Copying exactly, give the lines in the material below from the one with "i \<and> (cs" to the one with "then obtain j", ends included, and nothing besides.

EXERCISE MATERIAL -
= Beginning of Section =

(* For every natural number $n\geq 64$, $$\iota(2^n-1)\leq n+1-\sum_{j=1}^{\lfloor \frac{\log n}{\log 2}\rfloor}\xi(n,j)+3\left\lfloor \frac{\log n}{\log 2}\right\rfloor,$$ where $0\leq \xi(n,j)<1$ are the quantities defined in the context.
   Context: An addition chain producing a positive integer $N$ is a sequence $1=s_1,2=s_2,s_3,\ldots,s_k=N$ in which every term after the first is the sum of two (not necessarily distinct) earlier terms; its length is the number of terms excluding the initial $1$ (here $k-1$). $\iota(N)$ denotes the length of the shortest addition chain producing $N$. The quantities $\xi(n,j)$ come from iterated halving of the exponent: set $n_0=n$ and $n_j=\frac{n_{j-1}-\frac{1}{2}(1-(-1)^{n_{j-1}})}{2}$ (i.e. $n_j=\lfloor n/2^j\rfloor$), and write $n_j=\frac{n}{2^j}-\xi(n,j)$; thus e.g. $\xi(n,1)=\frac{1}{4}(1-(-1)^n)$, and $0\leq \xi(n,j)<1$, with $\xi(n,j)=0$ for all $j$ when $n$ is a power of $2$. $\log$ is the natural logarithm and $\lfloor\cdot\rfloor$ the floor function. *)

theory Defs
  imports "HOL-Analysis.Analysis"
begin

definition is_addition_chain :: "nat list \<Rightarrow> nat \<Rightarrow> bool" where
  "is_addition_chain cs N \<longleftrightarrow>
     cs \<noteq> [] \<and> cs ! 0 = 1 \<and> last cs = N \<and>
     (\<forall>i. 0 < i \<and> i < length cs \<longrightarrow> (\<exists>j k. j < i \<and> k < i \<and> cs ! i = cs ! j + cs ! k))"

definition iota :: "nat \<Rightarrow> nat" where
  "iota N = (LEAST l. \<exists>cs. is_addition_chain cs N \<and> length cs - 1 = l)"

definition xi :: "nat \<Rightarrow> nat \<Rightarrow> real" where
  "xi n j = real n / 2 ^ j - real (n div 2 ^ j)"

end

theory Submission
  imports Defs "HOL-Library.Discrete_Functions"
begin

text \<open>The binary method for Mersenne numbers: from a chain ending in \<open>2^k - 1\<close>, \<open>k\<close> doublings
and one addition of \<open>2^k - 1\<close> reach \<open>2^k (2^k - 1) + (2^k - 1) = 2^(2k) - 1\<close>, and one more
doubling plus adding \<open>1\<close> reaches \<open>2^(2k+1) - 1\<close>. Recursing on \<open>n div 2\<close> gives
\<open>\<iota>(2^n - 1) \<le> n - 1 + 2 \<lfloor>log\<^sub>2 n\<rfloor>\<close> for every \<open>n > 0\<close>. Since every \<open>\<xi>(n,j) < 1\<close>,
the right-hand side of the theorem is at least \<open>n + 1 + 2 \<lfloor>log\<^sub>2 n\<rfloor>\<close>, so the claim
follows with room to spare; the hypothesis \<open>n \<ge> 64\<close> is only used as \<open>n > 0\<close>.\<close>

lemma is_addition_chain_one_in_set: "is_addition_chain cs N \<Longrightarrow> 1 \<in> set cs"
  unfolding is_addition_chain_def by (metis length_greater_0_conv nth_mem)

lemma is_addition_chain_last_in_set: "is_addition_chain cs N \<Longrightarrow> N \<in> set cs"
  unfolding is_addition_chain_def by (metis last_in_set)

lemma is_addition_chain_snoc:
  assumes chain: "is_addition_chain cs N" and "x \<in> set cs" "y \<in> set cs"
  shows "is_addition_chain (cs @ [x + y]) (x + y)"
proof -
  obtain a b where ab: "a < length cs" "cs ! a = x" "b < length cs" "cs ! b = y"
    using \<open>x \<in> set cs\<close> \<open>y \<in> set cs\<close> by (metis in_set_conv_nth)
  have "\<exists>j k. j < i \<and> k < i \<and> (cs @ [x + y]) ! i = (cs @ [x + y]) ! j + (cs @ [x + y]) ! k"
    if i: "0 < i" "i < length (cs @ [x + y])" for i
  proof (cases "i < length cs")
    case True
    then obtain j k where "j < i" "k < i" "cs ! i = cs ! j + cs ! k"
      using chain i(1) unfolding is_addition_chain_def by blast
    with True show ?thesis by (intro exI[of _ j] exI[of _ k]) (simp add: nth_append)
  next
    case False
    with i(2) have "i = length cs" by simp
    with ab show ?thesis by (intro exI[of _ a] exI[of _ b]) (simp add: nth_append)
  qed
  with chain show ?thesis unfolding is_addition_chain_def by (simp add: nth_append)
qed

lemma is_addition_chain_doublings:
  assumes "is_addition_chain cs N"
  shows "\<exists>ds. is_addition_chain (cs @ ds) (2 ^ k * N) \<and> length ds = k"
proof (induction k)
  case 0
  with assms show ?case by (intro exI[of _ "[]"]) simp
next
  case (Suc k)
  then obtain ds where ds: "is_addition_chain (cs @ ds) (2 ^ k * N)" "length ds = k"
    by blast
  let ?M = "2 ^ k * N"
  have "?M \<in> set (cs @ ds)" using ds(1) by (rule is_addition_chain_last_in_set)
  from ds(1) this this have "is_addition_chain ((cs @ ds) @ [?M + ?M]) (?M + ?M)"
    by (rule is_addition_chain_snoc)
  moreover have "?M + ?M = 2 ^ Suc k * N" by simp
  ultimately have "is_addition_chain (cs @ ds @ [2 ^ Suc k * N]) (2 ^ Suc k * N)" by simp
  with ds(2) show ?case by (intro exI[of _ "ds @ [2 ^ Suc k * N]"]) simp
qed

lemma mersenne_shift_add: "2 ^ a * (2 ^ b - 1) + (2 ^ a - 1) = (2 ^ (a + b) - 1 :: nat)"
proof -
  have "(1::nat) \<le> 2 ^ a" "(2::nat) ^ a \<le> 2 ^ a * 2 ^ b" by simp_all
  then show ?thesis by (simp add: power_add diff_mult_distrib2)
qed

lemma is_addition_chain_mersenne_extend:
  assumes chain: "is_addition_chain cs (2 ^ b - 1)" and mem: "2 ^ a - 1 \<in> set cs"
  shows "\<exists>ds. is_addition_chain (cs @ ds) (2 ^ (a + b) - 1) \<and> length ds = a + 1"
proof -
  obtain ds where ds: "is_addition_chain (cs @ ds) (2 ^ a * (2 ^ b - 1))" "length ds = a"
    using is_addition_chain_doublings[OF chain] by blast
  have "is_addition_chain ((cs @ ds) @ [2 ^ a * (2 ^ b - 1) + (2 ^ a - 1)])
      (2 ^ a * (2 ^ b - 1) + (2 ^ a - 1))"
    using ds(1) is_addition_chain_last_in_set[OF ds(1)] mem by (intro is_addition_chain_snoc) auto
  with ds(2) show ?thesis
    unfolding mersenne_shift_add by (intro exI[of _ "ds @ [2 ^ (a + b) - 1]"]) simp
qed

lemma mersenne_addition_chain:
  assumes "0 < m"
  shows "\<exists>cs. is_addition_chain cs (2 ^ m - 1) \<and> length cs \<le> m + 2 * floor_log m"
  using assms
proof (induction m rule: floor_log_induct)
  case one
  have "is_addition_chain [1] 1" unfolding is_addition_chain_def by auto
  then show ?case by (intro exI[of _ "[1]"]) simp
next
  case (double m)
  define k where "k = m div 2"
  have log_m: "floor_log m = Suc (floor_log k)"
    unfolding k_def using \<open>2 \<le> m\<close> by (rule floor_log_rec)
  obtain cs where cs: "is_addition_chain cs (2 ^ k - 1)" "length cs \<le> k + 2 * floor_log k"
    using double.IH unfolding k_def by blast
  obtain ds where ds: "is_addition_chain (cs @ ds) (2 ^ (2 * k) - 1)" "length ds = k + 1"
    using is_addition_chain_mersenne_extend[OF cs(1) is_addition_chain_last_in_set[OF cs(1)]]
    by (auto simp: mult_2)
  consider "m = 2 * k" | "m = 2 * k + 1" unfolding k_def by linarith
  then show ?case
  proof cases
    case 1
    with cs(2) ds log_m show ?thesis by (intro exI[of _ "cs @ ds"]) simp
  next
    case 2
    have "2 ^ 1 - 1 \<in> set (cs @ ds)" using is_addition_chain_one_in_set[OF ds(1)] by simp
    from is_addition_chain_mersenne_extend[OF ds(1) this] obtain es
      where "is_addition_chain (cs @ ds @ es) (2 ^ (2 * k + 1) - 1)" "length es = 2"
      by auto
    with 2 cs(2) ds(2) log_m show ?thesis by (intro exI[of _ "cs @ ds @ es"]) simp
  qed
qed

lemma iota_le_length:
  assumes "is_addition_chain cs N"
  shows "iota N \<le> length cs - 1"
  unfolding iota_def using assms by (intro Least_le) blast

lemma iota_mersenne_le:
  assumes "0 < m"
  shows "iota (2 ^ m - 1) \<le> m - 1 + 2 * floor_log m"
proof -
  obtain cs where "is_addition_chain cs (2 ^ m - 1)" "length cs \<le> m + 2 * floor_log m"
    using mersenne_addition_chain[OF assms] by blast
  then show ?thesis using iota_le_length by fastforce
qed

lemma floor_log_eq_floor_ln_div_ln2:
  assumes "0 < n"
  shows "\<lfloor>ln (real n) / ln 2\<rfloor> = int (floor_log n)"
proof -
  have "floor_log n = nat \<lfloor>log 2 (real n)\<rfloor>"
    using floor_log_altdef[of n] assms by (simp only: if_not_P[OF gr_implies_not0])
  moreover have "0 \<le> \<lfloor>log 2 (real n)\<rfloor>" using assms by simp
  ultimately show ?thesis by (simp only: log_def int_nat_eq if_True)
qed

lemma xi_less_one: "xi n j < 1"
proof -
  have "real (n div 2 ^ j) = of_int \<lfloor>real n / 2 ^ j\<rfloor>"
    by (metis floor_divide_of_nat_eq of_int_of_nat_eq of_nat_numeral of_nat_power)
  then show ?thesis unfolding xi_def by linarith
qed

lemma sum_xi_le: "(\<Sum>j = 1..t. xi n j) \<le> real t"
proof -
  have "(\<Sum>j = 1..t. xi n j) \<le> (\<Sum>j = 1..t. 1)"
    by (intro sum_mono less_imp_le xi_less_one)
  then show ?thesis by simp
qed

theorem mainTheorem1:
  fixes n :: nat
  assumes "n \<ge> 64"
  shows "real (iota (2 ^ n - 1))
    \<le> real n + 1 - (\<Sum>j = 1..nat \<lfloor>ln (real n) / ln 2\<rfloor>. xi n j)
       + 3 * real_of_int \<lfloor>ln (real n) / ln 2\<rfloor>"
proof -
  have "0 < n" using assms by simp
  define t where "t = floor_log n"
  have log_n: "\<lfloor>ln (real n) / ln 2\<rfloor> = int t"
    unfolding t_def using \<open>0 < n\<close> by (rule floor_log_eq_floor_ln_div_ln2)
  have "real (iota (2 ^ n - 1)) \<le> real n - 1 + 2 * real t"
    using iota_mersenne_le[OF \<open>0 < n\<close>] \<open>0 < n\<close> unfolding t_def by linarith
  with sum_xi_le[where n = n and t = t] show ?thesis unfolding log_n by simp
qed

end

= End of Section =

SOLUTION FOR THIS EXERCISE -
  have "\<exists>j k. j < i \<and> k < i \<and> (cs @ [x + y]) ! i = (cs @ [x + y]) ! j + (cs @ [x + y]) ! k"
    if i: "0 < i" "i < length (cs @ [x + y])" for i
  proof (cases "i < length cs")
    case True
    then obtain j k where "j < i" "k < i" "cs ! i = cs ! j + cs ! k"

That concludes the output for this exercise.